Publié le 5 avril 2017

La rétine, si précieuse, si fragile

La rétine joue un rôle crucial pour la vision. Située en arrière-plan de l’œil et couvrant les trois quarts de sa paroi interne, elle comprend des millions de photorécepteurs qui transforment les signaux lumineux en signaux électriques. Plusieurs facteurs tels que l’âge, le tabagisme, l’exposition aux UV ou encore des facteurs génétiques peuvent entraîner la dégénérescence de la rétine, dont souffrent aujourd'hui des millions de personnes.

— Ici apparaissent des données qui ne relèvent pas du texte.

(* Let $g \in L^1(0,1)$. Then $$\int_{0}^{1} \mathbf{E}(\sqrt{x})\, g(x)\,dx = \int_{0}^{1} \left[\frac{\pi}{2}-\left(\frac{\pi}{2}-1\right)\sqrt{x}\right]g(x)\,dx + \frac{1}{3}\iint_{(0,1)^2} \left(\mathbf{K}(\sqrt{x})-\frac{\pi}{2}\right) g\!\left(xz^{2/3}\right)\,dz\,dx.$$
   Context: $\mathbf{K}(k) = \int_0^{\pi/2} \frac{d\theta}{\sqrt{1-k^2\sin^2\theta}} = \frac{\pi}{2}{}_2F_1(\tfrac12,\tfrac12;1;k^2)$ and $\mathbf{E}(k) = \int_0^{\pi/2}\sqrt{1-k^2\sin^2\theta}\,d\theta = \frac{\pi}{2}{}_2F_1(\tfrac12,-\tfrac12;1;k^2)$ are the complete elliptic integrals of the first and second kinds. *)

theory Defs
  imports "HOL-Analysis.Analysis"
begin

definition ellipticK :: "real \<Rightarrow> real" where
  "ellipticK k = integral {0..pi/2} (\<lambda>\<theta>. 1 / sqrt (1 - k^2 * (sin \<theta>)^2))"

definition ellipticE :: "real \<Rightarrow> real" where
  "ellipticE k = integral {0..pi/2} (\<lambda>\<theta>. sqrt (1 - k^2 * (sin \<theta>)^2))"

end

theory Submission
  imports Defs
begin

text \<open>Write \<open>\<kappa>(y) = K(\<surd>y) - \<pi>/2\<close>. Substituting \<open>t = x z\<^sup>2\<^sup>/\<^sup>3\<close> in the inner \<open>x\<close>-integral
  and swapping the order of integration turns the double integral into
  \<open>\<integral> g(t) W(t) dt\<close> with \<open>W(t) = \<integral>\<^sub>0\<^sup>1 z\<^sup>-\<^sup>2\<^sup>/\<^sup>3 \<kappa>(t z\<^sup>-\<^sup>2\<^sup>/\<^sup>3) dz\<close>. Writing \<open>\<kappa>\<close> as an integral over
  \<open>\<theta> \<in> [0, \<pi>/2]\<close> and integrating in \<open>z\<close> first, the \<open>z\<close>-integrand has the elementary
  antiderivative \<open>3 (\<surd>(z\<^sup>2\<^sup>/\<^sup>3 - t sin\<^sup>2 \<theta>) - z\<^sup>1\<^sup>/\<^sup>3)\<close>, which yields
  \<open>W(t) = 3 (E(\<surd>t) - \<pi>/2 + (\<pi>/2 - 1) \<surd>t)\<close>. All integrands are nonnegative for
  \<open>g \<ge> 0\<close>, so Tonelli applies, and the general case follows by splitting \<open>g\<close> into its
  positive and negative parts.\<close>

lemma integral_eq_lborel_indicator:
  fixes f :: "real \<Rightarrow> real"
  assumes "continuous_on {a..b} f"
  shows "integral {a..b} f = (\<integral>x. f x * indicator {a..b} x \<partial>lborel)"
  using set_borel_integral_eq_integral(2)[OF borel_integrable_atLeastAtMost'[OF assms]]
  unfolding set_lebesgue_integral_def by (simp add: mult.commute)
lemma rnn_coeff_not_long_memory: "\<not> long_memory (rnn_coeff Wzh Whh Whx)"
proof
  assume "long_memory (rnn_coeff Wzh Whh Whx)"
  then obtain i j d c where "0 < d" "c \<noteq> 0"
    and equiv: "(\<lambda>k. rnn_coeff Wzh Whh Whx k $ i $ j) \<sim>[at_top] (\<lambda>k. c * real k powr (-d-1))"
    unfolding long_memory_def by blast
  obtain c' r where "c' r \<noteq> 0"
    and rec: "\<And>k. (\<Sum>l\<le>r. c' l *\<^sub>R rnn_coeff Wzh Whh Whx (k + l)) = 0"
    using rnn_coeff_linear_recurrence[where Wzh = Wzh and Whh = Whh and Whx = Whx] by blast
  have "(\<Sum>l\<le>r. c' l * rnn_coeff Wzh Whh Whx (k + l) $ i $ j)
      = (\<Sum>l\<le>r. c' l *\<^sub>R rnn_coeff Wzh Whh Whx (k + l)) $ i $ j" for k
    by (simp add: sum_component)
  then have "\<forall>k. (\<Sum>l\<le>r. c' l * rnn_coeff Wzh Whh Whx (k + l) $ i $ j) = 0"
    using rec by simp
  moreover have "\<not> (\<forall>k. (\<Sum>l\<le>r. c' l * rnn_coeff Wzh Whh Whx (k + l) $ i $ j) = 0)"
    using \<open>0 < d\<close> \<open>c \<noteq> 0\<close> \<open>c' r \<noteq> 0\<close>
    by (intro no_linear_recurrence asymp_equiv_powr_tendsto_0[OF equiv]
        asymp_equiv_powr_shift_ratio[OF equiv] asymp_equiv_powr_eventually_nonzero[OF equiv]) simp_all
  ultimately show False
    by blast
qed

lemma fdiff_w_eq_gbinomial: "fdiff_w k d = (-1) ^ k * (d gchoose k)"
proof -
  have "fdiff_w k d = pochhammer (-d) k / fact k"
    by (simp add: fdiff_w_def pochhammer_prod fact_prod_Suc atLeast0LessThan prod_dividef
        of_nat_prod algebra_simps)
  then show ?thesis
    by (simp add: gbinomial_pochhammer)
qed

lemma fdiff_w_asymp_equiv:
  assumes "d \<notin> \<nat>"
  shows "(\<lambda>k. fdiff_w k d) \<sim>[at_top] (\<lambda>k. real k powr (-d-1) / Gamma (-d))"
proof (rule asymp_equivI')
  have "Gamma (-d) \<noteq> 0"
    using assms by (intro Gamma_nonzero) (simp add: uminus_in_nonpos_Ints_iff)
  have "(\<lambda>k. (d gchoose k) / ((-1) ^ k / exp ((d+1) * ln (real k)))) \<longlonglongrightarrow> inverse (Gamma (-d))"
    using gbinomial_asymptotic[of d] by simp
  then have "(\<lambda>k. Gamma (-d) * ((d gchoose k) / ((-1) ^ k / exp ((d+1) * ln (real k)))))
      \<longlonglongrightarrow> Gamma (-d) * inverse (Gamma (-d))"
    by (intro tendsto_intros)
  also have "Gamma (-d) * inverse (Gamma (-d)) = 1"
    using \<open>Gamma (-d) \<noteq> 0\<close> by simp
  finally show "(\<lambda>k. fdiff_w k d / (real k powr (-d-1) / Gamma (-d))) \<longlonglongrightarrow> 1"
  proof (rule Lim_transform_eventually)
    show "\<forall>\<^sub>F k in sequentially.
        Gamma (-d) * ((d gchoose k) / ((-1) ^ k / exp ((d+1) * ln (real k))))
          = fdiff_w k d / (real k powr (-d-1) / Gamma (-d))"
      using eventually_gt_at_top[of 0]
      by eventually_elim (auto simp: fdiff_w_eq_gbinomial powr_def exp_minus field_simps mult_exp_exp)
  qed
qed
lemma gram_det_linear_combination:
  assumes len: "length cs = n" "length bs = n"
    and comb: "\<And>j. j < n \<Longrightarrow> cs ! j = (\<Sum>i<n. scale (r j i) (bs ! i))"
  shows "gram_det d cs = gram_det d bs * (det (mat n n (\<lambda>(i, j). r j i)))^2"
proof -
  define P where "P = mat n n (\<lambda>(i, j). r j i)"
  define G where "G = mat n n (\<lambda>(i, j). d (bs ! i) (bs ! j))"
  have entry: "d (cs ! j) (cs ! l) = (\<Sum>m<n. (\<Sum>i<n. r j i * d (bs ! i) (bs ! m)) * r l m)"
    if "j < n" "l < n" for j l
    unfolding comb[OF that(1)] comb[OF that(2)] d_sum_left d_sum_right
    by (simp add: sum_distrib_left sum_distrib_right algebra_simps)
  have "mat n n (\<lambda>(i, j). d (cs ! i) (cs ! j)) = transpose_mat P * G * P"
    by (rule eq_matI) (auto simp: entry scalar_prod_def P_def G_def atLeast0LessThan)
  moreover have "P \<in> carrier_mat n n" "G \<in> carrier_mat n n" unfolding P_def G_def by auto
  ultimately show ?thesis
    using det_congruent_mat len unfolding gram_det_def P_def G_def by metis
qed

lemma gram_det_change_basis:
  assumes bs: "is_basis_list scale bs" and cs: "is_basis_list scale cs"
  shows "\<exists>u. gram_det d cs = gram_det d bs * u^2"
proof -
  have dist: "distinct bs" using bs by (simp add: is_basis_list_def)
  have "length cs = length bs"
    using bs cs basis_card_eq_dim[of "set bs" UNIV] basis_card_eq_dim[of "set cs" UNIV]
    by (simp add: is_basis_list_def distinct_card)
  moreover have "cs ! j = (\<Sum>i<length bs. scale (representation (set bs) (cs ! j) (bs ! i)) (bs ! i))"
    if "j < length bs" for j
  proof -
    have "cs ! j = (\<Sum>b\<in>set bs. scale (representation (set bs) (cs ! j) b) b)"
      using bs sum_representation_eq[of "set bs" "cs ! j" "set bs"] by (simp add: is_basis_list_def)
    also have "\<dots> = (\<Sum>i<length bs. scale (representation (set bs) (cs ! j) (bs ! i)) (bs ! i))"
      using sum.reindex_bij_betw[OF bij_betw_nth[OF dist refl refl],
          of "\<lambda>b. scale (representation (set bs) (cs ! j) b) b"]
      by simp
    finally show ?thesis .
  qed
  ultimately show ?thesis
    using gram_det_linear_combination[where r = "\<lambda>j i. representation (set bs) (cs ! j) (bs ! i)"]
    by blast
qed

end

locale nondegenerate_symmetric_bilinear_space = symmetric_bilinear_space scale Basis d
  for scale :: "'a::field \<Rightarrow> 'v::ab_group_add \<Rightarrow> 'v" and Basis :: "'v set"
    and d :: "'v \<Rightarrow> 'v \<Rightarrow> 'a" +
  assumes nondegenerate: "nondegenerate_form d"
begin

lemma orthogonal_basis_anisotropic:
  assumes B: "orthogonal_basis scale d B" and x: "x \<in> B"
  shows "d x x \<noteq> 0"
proof
  assume "d x x = 0"
  with B x have "\<forall>z\<in>B. d x z = 0" by (auto simp: orthogonal_basis_iff pairwise_def)
  moreover have "span B = UNIV" using B by (simp add: orthogonal_basis_iff)
  ultimately have "\<forall>y. d x y = 0" using orthogonal_to_span by blast
  then have "x = 0" using nondegenerate unfolding nondegenerate_form_def by blast
  with B x show False using dependent_zero by (auto simp: orthogonal_basis_iff)
qed

lemma orthogonal_basis_replace_pair:
  assumes B: "orthogonal_basis scale d B" and e: "e1 \<in> B" "e2 \<in> B" "e1 \<noteq> e2"
    and vw: "v \<in> span {e1, e2}" "w \<in> span {e1, e2}" "d v w = 0" "d v v \<noteq> 0" "d w w \<noteq> 0"
  defines "R \<equiv> B - {e1, e2}"
  shows "orthogonal_basis scale d (insert v (insert w R))" and "v \<notin> R" "w \<notin> R" "v \<noteq> w"
proof -
  have orthB: "pairwise (\<lambda>x y. d x y = 0) B" and indB: "independent B"
    using B by (auto simp: orthogonal_basis_iff)
  have finB: "finite B" and cardB: "card B = dim (UNIV :: 'v set)"
    using orthogonal_basis_finite_card[OF B] by auto
  have orthR: "d z v = 0 \<and> d z w = 0" if z: "z \<in> R" for z
  proof -
    have "\<forall>e\<in>{e1, e2}. d z e = 0" using z e orthB unfolding R_def by (auto simp: pairwise_def)
    then show ?thesis using orthogonal_to_span vw(1,2) by blast
  qed
  show vR: "v \<notin> R" and wR: "w \<notin> R" and "v \<noteq> w"
    using orthR[of v] orthR[of w] vw(3-5) by auto
  let ?B' = "insert v (insert w R)"
  have orth: "pairwise (\<lambda>x y. d x y = 0) ?B'"
    using orthR orthB vw(3) d_commute unfolding R_def by (auto simp: pairwise_insert pairwise_def)
  moreover have "\<forall>x\<in>?B'. d x x \<noteq> 0"
    using vw(4,5) orthogonal_basis_anisotropic[OF B] unfolding R_def by auto
  ultimately have ind: "independent ?B'" by (rule independent_if_pairwise_orthogonal)
  have "card {e1, e2} \<le> card B" using finB e by (intro card_mono) auto
  then have "card R + 2 = card B" using finB e unfolding R_def by (simp add: card_Diff_subset)
  then have "card ?B' = dim (UNIV :: 'v set)"
    using finB vR wR \<open>v \<noteq> w\<close> cardB unfolding R_def by simp
  then have "span ?B' = UNIV"
    using card_ge_dim_independent[OF _ ind, of UNIV] by auto
  then show "orthogonal_basis scale d ?B'" using ind orth by (simp add: orthogonal_basis_iff)
qed

text \<open>If \<open>v = x e\<^sub>1 + y e\<^sub>2\<close>, then \<open>w = -y b e\<^sub>1 + x a e\<^sub>2\<close> (with \<open>a, b\<close> the values of \<open>e\<^sub>1, e\<^sub>2\<close>)
  is orthogonal to \<open>v\<close> and \<open>d(w,w) = a b d(v,v)\<close>.\<close>
lemma exists_orthogonal_basis_replace_pair:
  assumes B: "orthogonal_basis scale d B" and e: "e1 \<in> B" "e2 \<in> B" "e1 \<noteq> e2"
    and t: "t \<noteq> 0" and xy: "d e1 e1 * x^2 + d e2 e2 * y^2 = t"
  obtains v w where "orthogonal_basis scale d (insert v (insert w (B - {e1, e2})))"
    "v \<notin> B - {e1, e2}" "w \<notin> B - {e1, e2}" "v \<noteq> w"
    "d v v = t" "d w w = d e1 e1 * d e2 e2 * t"
proof -
  have e12: "d e1 e2 = 0" "d e2 e1 = 0"
    using B e by (auto simp: orthogonal_basis_iff pairwise_def)
  define v where "v = scale x e1 + scale y e2"
  define w where "w = scale (- (y * d e2 e2)) e1 + scale (x * d e1 e1) e2"
  have span: "v \<in> span {e1, e2}" "w \<in> span {e1, e2}"
    unfolding v_def w_def by (intro span_add span_scale span_base; simp)+
  have dvv: "d v v = t"
    using e12 xy unfolding v_def by (simp add: power2_eq_square algebra_simps)
  have dww: "d w w = d e1 e1 * d e2 e2 * t"
    using e12 xy[symmetric] unfolding w_def by (simp add: power2_eq_square algebra_simps)
  have dvw: "d v w = 0"
    using e12 unfolding v_def w_def by (simp add: algebra_simps)
  have "d w w \<noteq> 0" using dww orthogonal_basis_anisotropic[OF B] e t by simp
  with t dvv show ?thesis
    using orthogonal_basis_replace_pair[OF B e span dvw] dww by (intro that[of v w]) auto
qed

end

lemma obtain_distinct_pair:
  assumes "2 \<le> card S"
  obtains x y where "x \<in> S" "y \<in> S" "x \<noteq> y"
  using assms card_le_Suc0_iff_eq[of S] card.infinite[of S] by force

lemma same_parity_cases:
  "even (m::nat) \<longleftrightarrow> even n \<Longrightarrow> n = m \<or> n + 2 \<le> m \<or> m + 2 \<le> n"
  unfolding even_iff_mod_2_eq_zero by presburger

locale finite_nondegenerate_symmetric_bilinear_space =
  nondegenerate_symmetric_bilinear_space scale Basis d
  for scale :: "'a::{field,finite} \<Rightarrow> 'v::ab_group_add \<Rightarrow> 'v" and Basis :: "'v set"
    and d :: "'v \<Rightarrow> 'v \<Rightarrow> 'a"
begin

lemma even_nonsquare_count_iff:
  assumes B: "orthogonal_basis scale d B" and bs: "is_basis_list scale bs"
  shows "even (nonsquare_count d B) \<longleftrightarrow> is_square (gram_det d bs)"
proof -
  have finB: "finite B" using orthogonal_basis_finite_card[OF B] by simp
  then obtain cs where cs: "distinct cs" "set cs = B" using finite_distinct_list by blast
  with B have "is_basis_list scale cs" by (simp add: is_basis_list_def orthogonal_basis_iff)
  then obtain u where u: "gram_det d cs = gram_det d bs * u^2"
    using gram_det_change_basis[OF bs] by blast
  have "gram_det d cs = (\<Prod>x\<in>B. d x x)"
    using gram_det_pairwise_orthogonal[OF cs(1), of d] cs(2) B by (simp add: orthogonal_basis_iff)
  moreover have nz: "\<forall>x\<in>B. d x x \<noteq> 0" using orthogonal_basis_anisotropic[OF B] by blast
  ultimately have "gram_det d bs \<noteq> 0" "u^2 \<noteq> 0" "(\<Prod>x\<in>B. d x x) = gram_det d bs * u^2"
    using u finB by auto
  moreover have "is_square (u^2)" by (auto simp: is_square_def)
  ultimately have "is_square (\<Prod>x\<in>B. d x x) \<longleftrightarrow> is_square (gram_det d bs)"
    using is_square_mult_iff[OF two_neq_zero] by simp
  then show ?thesis
    using is_square_prod_iff_even_card[OF two_neq_zero finB nz] by (simp add: nonsquare_count_def)
qed

lemma orthogonal_basis_nonsquare_count_add_two:
  assumes B: "orthogonal_basis scale d B" and le: "nonsquare_count d B + 2 \<le> dim (UNIV :: 'v set)"
  obtains B' where "orthogonal_basis scale d B'" "nonsquare_count d B' = nonsquare_count d B + 2"
proof -
  have finB: "finite B" and cardB: "card B = dim (UNIV :: 'v set)"
    using orthogonal_basis_finite_card[OF B] by auto
  let ?S = "{x\<in>B. is_square (d x x)}"
  have "card B = card ?S + nonsquare_count d B"
    unfolding nonsquare_count_def using finB
    by (subst card_Un_disjoint[symmetric]) (auto intro: arg_cong[of _ _ card])
  then have "2 \<le> card ?S" using le cardB by simp
  then obtain e1 e2 where e: "e1 \<in> ?S" "e2 \<in> ?S" "e1 \<noteq> e2"
    by (rule obtain_distinct_pair)
  obtain \<omega> :: 'a where \<omega>: "\<not> is_square \<omega>" using exists_nonsquare[OF two_neq_zero] by blast
  then have "\<omega> \<noteq> 0" by (auto simp: is_square_def)
  moreover obtain x y where "d e1 e1 * x^2 + d e2 e2 * y^2 = \<omega>"
    using exists_diagonal_binary_form_eq[OF two_neq_zero] orthogonal_basis_anisotropic[OF B] e by blast
  ultimately obtain v w where vw: "orthogonal_basis scale d (insert v (insert w (B - {e1, e2})))"
    "v \<notin> B - {e1, e2}" "w \<notin> B - {e1, e2}" "v \<noteq> w"
    "d v v = \<omega>" "d w w = d e1 e1 * d e2 e2 * \<omega>"
    using exists_orthogonal_basis_replace_pair[OF B] e by blast
  have "is_square (d e1 e1 * d e2 e2)" "d e1 e1 * d e2 e2 \<noteq> 0"
    using e orthogonal_basis_anisotropic[OF B] is_square_mult_iff[OF two_neq_zero] by auto
  then have "\<not> is_square (d w w)" using vw(6) nonsquare_mult_square \<omega> by metis
  moreover have "B = insert e1 (insert e2 (B - {e1, e2}))" using e by auto
  ultimately show ?thesis
    using that[OF vw(1)] vw \<omega> e finB nonsquare_count_insert_insert[of "B - {e1, e2}" e1 e2 d]
      nonsquare_count_insert_insert[of "B - {e1, e2}" v w d]
    by auto
qed

lemma orthogonal_basis_nonsquare_count_sub_two:
  assumes B: "orthogonal_basis scale d B" and le: "2 \<le> nonsquare_count d B"
  obtains B' where "orthogonal_basis scale d B'" "nonsquare_count d B' + 2 = nonsquare_count d B"
proof -
  have finB: "finite B" using orthogonal_basis_finite_card[OF B] by simp
  let ?N = "{x\<in>B. \<not> is_square (d x x)}"
  have "2 \<le> card ?N" using le by (simp add: nonsquare_count_def)
  then obtain e1 e2 where e: "e1 \<in> ?N" "e2 \<in> ?N" "e1 \<noteq> e2"
    by (rule obtain_distinct_pair)
  obtain x y where "d e1 e1 * x^2 + d e2 e2 * y^2 = 1"
    using exists_diagonal_binary_form_eq[OF two_neq_zero] orthogonal_basis_anisotropic[OF B] e by blast
  then obtain v w where vw: "orthogonal_basis scale d (insert v (insert w (B - {e1, e2})))"
    "v \<notin> B - {e1, e2}" "w \<notin> B - {e1, e2}" "v \<noteq> w"
    "d v v = 1" "d w w = d e1 e1 * d e2 e2 * 1"
    using exists_orthogonal_basis_replace_pair[OF B _ _ e(3) one_neq_zero] e by blast
  have "is_square (d v v)" "is_square (d w w)"
    using vw(5,6) e is_square_mult_nonsquares[OF two_neq_zero]
    by (auto simp: is_square_def intro: exI[of _ 1])
  moreover have "B = insert e1 (insert e2 (B - {e1, e2}))" using e by auto
  ultimately show ?thesis
    using that[OF vw(1)] vw e finB nonsquare_count_insert_insert[of "B - {e1, e2}" e1 e2 d]
      nonsquare_count_insert_insert[of "B - {e1, e2}" v w d]
    by auto
qed

lemma exists_orthogonal_basis_nonsquare_count:
  assumes B: "orthogonal_basis scale d B" and s: "s \<le> dim (UNIV :: 'v set)"
    and parity: "even s \<longleftrightarrow> even (nonsquare_count d B)"
  shows "\<exists>B'. orthogonal_basis scale d B' \<and> nonsquare_count d B' = s"
  using B parity
proof (induction B rule: measure_induct_rule[where
    f = "\<lambda>B. (nonsquare_count d B - s) + (s - nonsquare_count d B)"])
  case (less B)
  consider "nonsquare_count d B = s" | "nonsquare_count d B + 2 \<le> s"
    | "s + 2 \<le> nonsquare_count d B"
    using same_parity_cases[OF less.prems(2)] by blast
  then show ?case
  proof cases
    case 1
    then show ?thesis using less.prems(1) by blast
  next
    case 2
    with s obtain B' where "orthogonal_basis scale d B'" "nonsquare_count d B' = nonsquare_count d B + 2"
      using orthogonal_basis_nonsquare_count_add_two[OF less.prems(1)] by auto
    with 2 less.prems(2) show ?thesis using less.IH[of B'] by auto
  next
    case 3
    then obtain B' where B': "orthogonal_basis scale d B'" "nonsquare_count d B' + 2 = nonsquare_count d B"
      using orthogonal_basis_nonsquare_count_sub_two[OF less.prems(1)] by auto
    moreover have "even s \<longleftrightarrow> even (nonsquare_count d B')"
      using less.prems(2) B'(2)[symmetric] by simp
    ultimately show ?thesis using less.IH[of B'] 3 by auto
  qed
qed

lemma nonsquare_counts_of_orthogonal_bases:
  assumes bs: "is_basis_list scale bs"
  shows "{nonsquare_count d B | B. orthogonal_basis scale d B}
    = {s. s \<le> dim (UNIV :: 'v set) \<and> (even s \<longleftrightarrow> is_square (gram_det d bs))}"
proof (intro equalityI subsetI)
  fix s assume "s \<in> {nonsquare_count d B | B. orthogonal_basis scale d B}"
  then obtain B where B: "orthogonal_basis scale d B" and "s = nonsquare_count d B" by blast
  then show "s \<in> {s. s \<le> dim UNIV \<and> (even s \<longleftrightarrow> is_square (gram_det d bs))}"
    using nonsquare_count_le_card[of B d] orthogonal_basis_finite_card[OF B]
      even_nonsquare_count_iff[OF B bs]
    by auto
next
  fix s assume "s \<in> {s. s \<le> dim UNIV \<and> (even s \<longleftrightarrow> is_square (gram_det d bs))}"
  moreover obtain B where "orthogonal_basis scale d B" using exists_orthogonal_basis by blast
  ultimately show "s \<in> {nonsquare_count d B | B. orthogonal_basis scale d B}"
    using exists_orthogonal_basis_nonsquare_count even_nonsquare_count_iff[OF _ bs] by auto
qed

Lorsque les cellules photoréceptrices meurent, les neurones de la rétine ne sont quant à eux pas affectés.

L'ambition des implants rétiniens est de faire en sorte que les personnes aveugles retrouvent une autonomie suffisante pour se déplacer et réaliser, seuls, certaines tâches de la vie courante. Ce traitement vise les patient·e·s atteint·e·s de rétinite pigmentaire, responsable de cécité dès l'adolescence, ainsi que d'autres maladies, comme la dégénérescence maculaire liée à l'âge, qui affecte des populations plus âgées et plus nombreuses.

La technologie des implants rétiniens

La rétine artificielle se substitue aux photorécepteurs. Concrètement, il s’agit d'une puce de trois millimètres de large sur trois de long, fixés sur ou sous la rétine et connectée à un petit appareillage placé sous un pli de peau derrière l'oreille. Les électrodes stimulent électriquement les neurones rétiniens à travers le nerf optique, envoyant ainsi l'image correspondant à celle formée au fond de l’œil.

Les premiers dispositifs ont été testés dans les années 1990. Un nouvel implant, développé par une équipe de l’Institut italien de technologie de Gênes a donné des résultats concluants sur des rats. Les chercheur·euse·s prévoient d’effectuer les premiers essais cliniques à la fin de l’année 2017 et de recueillir les résultats préliminaires au cours de l’année 2018.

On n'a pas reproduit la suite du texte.